What you need to do:
Among the entries below, tally the lines that include "dots", and give the number alone.

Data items
++++++

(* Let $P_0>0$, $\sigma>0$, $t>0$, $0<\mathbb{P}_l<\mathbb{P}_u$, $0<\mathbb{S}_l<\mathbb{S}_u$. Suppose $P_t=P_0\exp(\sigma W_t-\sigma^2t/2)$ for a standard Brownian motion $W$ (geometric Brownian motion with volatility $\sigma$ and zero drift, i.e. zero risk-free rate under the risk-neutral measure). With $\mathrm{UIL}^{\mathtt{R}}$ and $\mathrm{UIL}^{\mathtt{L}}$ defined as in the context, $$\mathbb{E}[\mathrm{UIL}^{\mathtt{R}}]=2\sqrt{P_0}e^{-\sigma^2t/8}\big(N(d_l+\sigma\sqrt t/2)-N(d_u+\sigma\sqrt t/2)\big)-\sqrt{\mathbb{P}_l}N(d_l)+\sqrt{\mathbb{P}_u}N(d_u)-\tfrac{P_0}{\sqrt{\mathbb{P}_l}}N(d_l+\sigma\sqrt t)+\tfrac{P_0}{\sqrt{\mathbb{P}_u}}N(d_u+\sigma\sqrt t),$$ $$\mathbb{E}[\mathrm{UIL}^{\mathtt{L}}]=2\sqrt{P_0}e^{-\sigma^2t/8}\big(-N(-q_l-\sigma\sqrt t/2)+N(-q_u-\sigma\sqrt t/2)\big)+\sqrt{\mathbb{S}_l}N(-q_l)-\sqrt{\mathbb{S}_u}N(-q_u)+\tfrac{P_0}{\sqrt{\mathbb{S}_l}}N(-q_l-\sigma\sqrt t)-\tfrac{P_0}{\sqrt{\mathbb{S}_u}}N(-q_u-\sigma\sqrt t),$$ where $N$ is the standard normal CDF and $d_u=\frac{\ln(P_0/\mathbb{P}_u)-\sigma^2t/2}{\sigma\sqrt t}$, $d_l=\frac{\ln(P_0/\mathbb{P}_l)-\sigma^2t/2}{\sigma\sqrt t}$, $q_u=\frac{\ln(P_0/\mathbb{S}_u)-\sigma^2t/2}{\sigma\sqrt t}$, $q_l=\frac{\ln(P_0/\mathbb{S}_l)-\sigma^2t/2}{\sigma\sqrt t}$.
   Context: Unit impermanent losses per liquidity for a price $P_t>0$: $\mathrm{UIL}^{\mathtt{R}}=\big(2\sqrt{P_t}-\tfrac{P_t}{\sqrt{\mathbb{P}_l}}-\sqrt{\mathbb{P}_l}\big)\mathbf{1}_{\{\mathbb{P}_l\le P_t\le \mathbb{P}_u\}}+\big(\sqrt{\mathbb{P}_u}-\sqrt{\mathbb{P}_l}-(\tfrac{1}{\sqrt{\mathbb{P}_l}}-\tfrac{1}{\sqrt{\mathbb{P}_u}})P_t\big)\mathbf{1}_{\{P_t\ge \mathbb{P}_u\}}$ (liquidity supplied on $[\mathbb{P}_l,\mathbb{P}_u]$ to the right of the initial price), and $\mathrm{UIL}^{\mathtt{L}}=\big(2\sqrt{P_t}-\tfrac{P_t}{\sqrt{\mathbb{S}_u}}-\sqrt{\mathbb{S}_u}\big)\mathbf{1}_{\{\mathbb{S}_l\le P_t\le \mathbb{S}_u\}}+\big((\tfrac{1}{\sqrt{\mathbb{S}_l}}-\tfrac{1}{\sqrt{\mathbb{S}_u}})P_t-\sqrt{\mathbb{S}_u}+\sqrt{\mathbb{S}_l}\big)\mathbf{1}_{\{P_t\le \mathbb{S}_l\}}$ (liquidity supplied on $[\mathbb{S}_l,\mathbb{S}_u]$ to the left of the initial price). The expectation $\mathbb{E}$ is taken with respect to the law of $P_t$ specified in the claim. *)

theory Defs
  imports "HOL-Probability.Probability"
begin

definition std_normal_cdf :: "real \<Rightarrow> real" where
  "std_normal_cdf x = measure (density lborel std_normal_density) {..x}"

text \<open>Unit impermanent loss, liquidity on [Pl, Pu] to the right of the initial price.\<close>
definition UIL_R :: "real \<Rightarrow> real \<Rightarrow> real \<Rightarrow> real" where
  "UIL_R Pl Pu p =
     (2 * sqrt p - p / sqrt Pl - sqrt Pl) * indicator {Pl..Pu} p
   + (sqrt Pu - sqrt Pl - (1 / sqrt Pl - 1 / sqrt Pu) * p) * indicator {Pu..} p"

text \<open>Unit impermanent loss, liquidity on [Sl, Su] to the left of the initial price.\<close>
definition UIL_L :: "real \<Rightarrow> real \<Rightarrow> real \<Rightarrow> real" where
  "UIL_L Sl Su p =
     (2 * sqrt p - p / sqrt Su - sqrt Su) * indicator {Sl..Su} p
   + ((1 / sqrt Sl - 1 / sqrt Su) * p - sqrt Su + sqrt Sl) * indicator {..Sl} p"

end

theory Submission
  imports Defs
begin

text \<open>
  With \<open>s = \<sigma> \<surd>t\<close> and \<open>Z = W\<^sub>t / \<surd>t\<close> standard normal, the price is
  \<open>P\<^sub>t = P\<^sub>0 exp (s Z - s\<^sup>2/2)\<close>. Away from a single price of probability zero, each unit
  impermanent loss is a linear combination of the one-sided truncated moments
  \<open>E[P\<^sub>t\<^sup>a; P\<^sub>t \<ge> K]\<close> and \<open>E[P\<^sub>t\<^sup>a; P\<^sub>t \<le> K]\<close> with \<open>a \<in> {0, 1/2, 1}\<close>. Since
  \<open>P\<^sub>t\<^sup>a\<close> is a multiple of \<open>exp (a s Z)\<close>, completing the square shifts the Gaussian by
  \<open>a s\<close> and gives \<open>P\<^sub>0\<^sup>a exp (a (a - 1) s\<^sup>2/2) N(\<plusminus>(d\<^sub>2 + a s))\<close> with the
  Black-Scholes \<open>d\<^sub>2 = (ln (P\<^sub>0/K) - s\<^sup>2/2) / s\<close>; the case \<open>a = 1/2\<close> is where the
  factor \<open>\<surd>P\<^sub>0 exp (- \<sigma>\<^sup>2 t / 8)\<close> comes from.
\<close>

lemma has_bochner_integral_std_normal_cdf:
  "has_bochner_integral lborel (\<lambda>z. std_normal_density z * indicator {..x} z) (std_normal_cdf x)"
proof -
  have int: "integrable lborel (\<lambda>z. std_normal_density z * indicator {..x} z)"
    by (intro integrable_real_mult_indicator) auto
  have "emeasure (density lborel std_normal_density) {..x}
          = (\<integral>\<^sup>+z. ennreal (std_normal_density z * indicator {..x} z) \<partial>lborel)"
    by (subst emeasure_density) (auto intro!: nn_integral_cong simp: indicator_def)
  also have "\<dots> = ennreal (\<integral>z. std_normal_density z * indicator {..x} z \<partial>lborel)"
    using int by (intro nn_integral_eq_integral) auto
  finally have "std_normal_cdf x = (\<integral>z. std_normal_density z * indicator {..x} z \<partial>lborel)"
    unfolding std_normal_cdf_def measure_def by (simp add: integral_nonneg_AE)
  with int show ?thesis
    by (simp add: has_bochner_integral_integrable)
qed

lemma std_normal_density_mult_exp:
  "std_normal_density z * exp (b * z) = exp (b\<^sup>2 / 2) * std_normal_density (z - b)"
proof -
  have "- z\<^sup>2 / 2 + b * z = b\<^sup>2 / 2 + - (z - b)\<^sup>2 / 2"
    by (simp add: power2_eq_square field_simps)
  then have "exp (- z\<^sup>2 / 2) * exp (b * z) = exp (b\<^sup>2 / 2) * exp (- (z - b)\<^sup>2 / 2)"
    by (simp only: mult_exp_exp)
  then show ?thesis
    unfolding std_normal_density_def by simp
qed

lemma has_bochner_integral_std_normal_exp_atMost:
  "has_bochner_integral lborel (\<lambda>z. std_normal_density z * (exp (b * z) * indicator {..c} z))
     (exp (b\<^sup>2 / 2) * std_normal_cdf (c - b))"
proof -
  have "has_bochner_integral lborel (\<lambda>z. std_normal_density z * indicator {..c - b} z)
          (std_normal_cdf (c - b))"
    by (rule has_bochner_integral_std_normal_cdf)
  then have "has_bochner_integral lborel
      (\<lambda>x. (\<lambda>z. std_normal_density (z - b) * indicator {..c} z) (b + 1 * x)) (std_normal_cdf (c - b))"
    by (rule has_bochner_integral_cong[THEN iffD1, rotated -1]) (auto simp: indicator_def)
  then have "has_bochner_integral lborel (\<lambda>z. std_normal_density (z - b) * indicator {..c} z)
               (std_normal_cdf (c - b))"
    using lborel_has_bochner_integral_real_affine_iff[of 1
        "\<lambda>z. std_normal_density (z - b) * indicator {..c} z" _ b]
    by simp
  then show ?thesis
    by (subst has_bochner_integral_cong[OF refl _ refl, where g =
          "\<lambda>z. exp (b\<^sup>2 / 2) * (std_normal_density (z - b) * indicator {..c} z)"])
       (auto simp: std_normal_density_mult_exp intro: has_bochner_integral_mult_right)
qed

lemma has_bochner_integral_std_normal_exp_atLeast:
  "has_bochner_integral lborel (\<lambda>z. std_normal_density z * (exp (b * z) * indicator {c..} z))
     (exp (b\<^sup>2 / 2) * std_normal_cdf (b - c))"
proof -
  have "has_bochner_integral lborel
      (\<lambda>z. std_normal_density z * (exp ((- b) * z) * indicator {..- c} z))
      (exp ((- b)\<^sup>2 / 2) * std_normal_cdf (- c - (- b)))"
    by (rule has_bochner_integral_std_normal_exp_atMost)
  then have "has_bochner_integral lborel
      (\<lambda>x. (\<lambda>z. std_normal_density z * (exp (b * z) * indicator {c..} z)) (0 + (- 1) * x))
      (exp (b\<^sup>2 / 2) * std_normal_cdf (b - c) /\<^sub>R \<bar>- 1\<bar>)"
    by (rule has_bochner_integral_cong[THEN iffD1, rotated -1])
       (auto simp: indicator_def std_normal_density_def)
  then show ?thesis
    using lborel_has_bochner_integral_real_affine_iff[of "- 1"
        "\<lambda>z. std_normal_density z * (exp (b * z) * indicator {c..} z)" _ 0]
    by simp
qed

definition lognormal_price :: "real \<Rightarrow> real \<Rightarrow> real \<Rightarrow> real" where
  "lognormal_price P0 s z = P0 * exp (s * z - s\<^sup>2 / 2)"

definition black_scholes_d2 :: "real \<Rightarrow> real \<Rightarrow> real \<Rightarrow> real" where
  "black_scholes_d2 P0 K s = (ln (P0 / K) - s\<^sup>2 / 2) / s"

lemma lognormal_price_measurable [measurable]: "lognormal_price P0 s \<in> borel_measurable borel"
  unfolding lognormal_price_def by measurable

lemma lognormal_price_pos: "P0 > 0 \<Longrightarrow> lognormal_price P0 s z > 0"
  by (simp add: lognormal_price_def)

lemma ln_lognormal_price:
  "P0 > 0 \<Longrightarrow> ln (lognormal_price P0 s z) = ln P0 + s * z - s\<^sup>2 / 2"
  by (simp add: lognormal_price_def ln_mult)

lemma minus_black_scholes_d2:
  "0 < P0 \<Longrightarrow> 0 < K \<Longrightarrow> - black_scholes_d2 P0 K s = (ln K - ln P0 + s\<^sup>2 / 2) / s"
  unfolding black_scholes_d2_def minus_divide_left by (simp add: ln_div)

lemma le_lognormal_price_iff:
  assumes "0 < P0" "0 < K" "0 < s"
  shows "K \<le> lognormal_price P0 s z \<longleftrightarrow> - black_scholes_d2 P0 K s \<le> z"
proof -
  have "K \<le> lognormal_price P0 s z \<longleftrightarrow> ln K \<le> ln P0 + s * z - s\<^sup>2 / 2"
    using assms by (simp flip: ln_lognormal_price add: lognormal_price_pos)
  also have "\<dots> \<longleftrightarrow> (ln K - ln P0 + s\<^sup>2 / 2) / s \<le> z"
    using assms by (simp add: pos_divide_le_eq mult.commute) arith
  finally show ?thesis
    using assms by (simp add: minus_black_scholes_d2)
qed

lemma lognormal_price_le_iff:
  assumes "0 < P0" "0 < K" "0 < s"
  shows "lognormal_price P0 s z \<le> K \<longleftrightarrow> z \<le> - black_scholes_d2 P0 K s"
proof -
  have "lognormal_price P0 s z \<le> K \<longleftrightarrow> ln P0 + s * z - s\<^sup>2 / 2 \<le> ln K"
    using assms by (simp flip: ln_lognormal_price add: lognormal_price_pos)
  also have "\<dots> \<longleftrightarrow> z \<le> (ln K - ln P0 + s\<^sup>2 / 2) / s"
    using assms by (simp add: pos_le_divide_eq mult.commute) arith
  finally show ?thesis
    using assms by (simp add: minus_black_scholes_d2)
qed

++++++

Output for this task:
3